[Saved data entries]
-------

lemma esC_coprod_antipode_sum:
  "(\<Sum>(c2, c3)\<leftarrow>esC_coprod \<delta> [(u, v)]. lfun \<beta> (esC_antipode \<delta> [c3]) * f (fst c2) (snd c2))
    = (\<Sum>(u0, h)\<leftarrow>\<delta> u. \<Sum>(v0, k)\<leftarrow>\<delta> v. \<Sum>(t1, t2)\<leftarrow>tau \<delta> h. \<Sum>(s1, s2)\<leftarrow>tau \<delta> k.
        \<beta> v0 (s1 * (t2 * s2)) * f u0 t1)"
proof -
  have "(\<Sum>(c2, c3)\<leftarrow>esC_coprod \<delta> [(u, v)]. lfun \<beta> (esC_antipode \<delta> [c3]) * f (fst c2) (snd c2))
    = (\<Sum>(u0, h)\<leftarrow>\<delta> u. \<Sum>(t1, t2)\<leftarrow>tau \<delta> h. \<Sum>(v0, k)\<leftarrow>\<delta> v. \<Sum>(s1, s2)\<leftarrow>tau \<delta> k.
        \<beta> v0 (s1 * (t2 * s2)) * f u0 t1)"
    by (simp add: esC_coprod_def esC_antipode_def lfun_def sum_list_concat_map o_def split_def
      sum_list_mult_const mult.assoc)
  also have "\<dots> = (\<Sum>(u0, h)\<leftarrow>\<delta> u. \<Sum>(v0, k)\<leftarrow>\<delta> v. \<Sum>(t1, t2)\<leftarrow>tau \<delta> h. \<Sum>(s1, s2)\<leftarrow>tau \<delta> k.
        \<beta> v0 (s1 * (t2 * s2)) * f u0 t1)"
    by (intro sum_list_case_prod_cong) (rule sum_list_case_prod_swap)
  finally show ?thesis .
qed

context hopf_galois
begin

lemma clinear_Fphi:
  assumes M: "clinear M" and \<beta>: "bilin \<beta>"
  shows "clinear (\<lambda>a. M (Fphi \<delta> \<beta> a))"
  unfolding clinear_Fphi_eq[OF M] by (intro clinear_intros bilin_clinear_comp[OF \<beta>] M)
lemma spd_spec_decomp_pos:
  assumes "spd A" and "spec_decomp A Q a"
  shows "a i > 0"
proof -
  have Q: "transpose Q ** Q = mat 1" and AQ: "A = Q ** mdiag a ** transpose Q"
    using assms(2) unfolding spec_decomp_def orthogonal_matrix_def by auto
  define e :: "real^2" where "e = axis i 1"
  define x where "x = Q *v e"
  have e: "transpose Q *v x = e"
    by (simp add: x_def matrix_vector_mul_assoc Q del: transpose_matrix_vector)
  then have "x \<noteq> 0"
    by (metis axis_nth e_def matrix_vector_mult_0_right zero_index zero_neq_one)
  have "mdiag a *v e = a i *\<^sub>R e"
    using exhaust_2[of i] by (auto simp: e_def vec_eq_iff matrix_vector_mult_def mdiag_def axis_def sum_2)
  then have "A *v x = a i *\<^sub>R x"
    unfolding AQ matrix_vector_mul_assoc[symmetric] e
    by (simp add: matrix_vector_mult_scaleR x_def)
  then have "a i * (x \<bullet> x) > 0"
    using assms(1) \<open>x \<noteq> 0\<close> unfolding spd_def by (metis inner_scaleR_right)
  moreover have "x \<bullet> x > 0"
    using \<open>x \<noteq> 0\<close> by simp
  ultimately show ?thesis
    by (simp add: zero_less_mult_iff)
qed

lemma matrix_inv_unique:
  fixes A :: "'a::semiring_1^'n^'m"
  assumes "A ** B = mat 1" and "B ** A = mat 1"
  shows "matrix_inv A = B"
proof -
  have "A ** matrix_inv A = mat 1" "matrix_inv A ** A = mat 1"
    using someI_ex[of "\<lambda>B. A ** B = mat 1 \<and> B ** A = mat 1"] assms
    unfolding matrix_inv_def by blast+
  then show ?thesis
    by (metis assms(1) matrix_mul_assoc matrix_mul_lid matrix_mul_rid)
qed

-------

- [Work instructions] Only the lines from the one with "by (simp add: zero_less_mult_iff)" through the last line above should be restated, word for word.

- [Written answer]
    by (simp add: zero_less_mult_iff)
qed

lemma matrix_inv_unique:
  fixes A :: "'a::semiring_1^'n^'m"
  assumes "A ** B = mat 1" and "B ** A = mat 1"
  shows "matrix_inv A = B"
proof -
  have "A ** matrix_inv A = mat 1" "matrix_inv A ** A = mat 1"
    using someI_ex[of "\<lambda>B. A ** B = mat 1 \<and> B ** A = mat 1"] assms
    unfolding matrix_inv_def by blast+
  then show ?thesis
    by (metis assms(1) matrix_mul_assoc matrix_mul_lid matrix_mul_rid)
qed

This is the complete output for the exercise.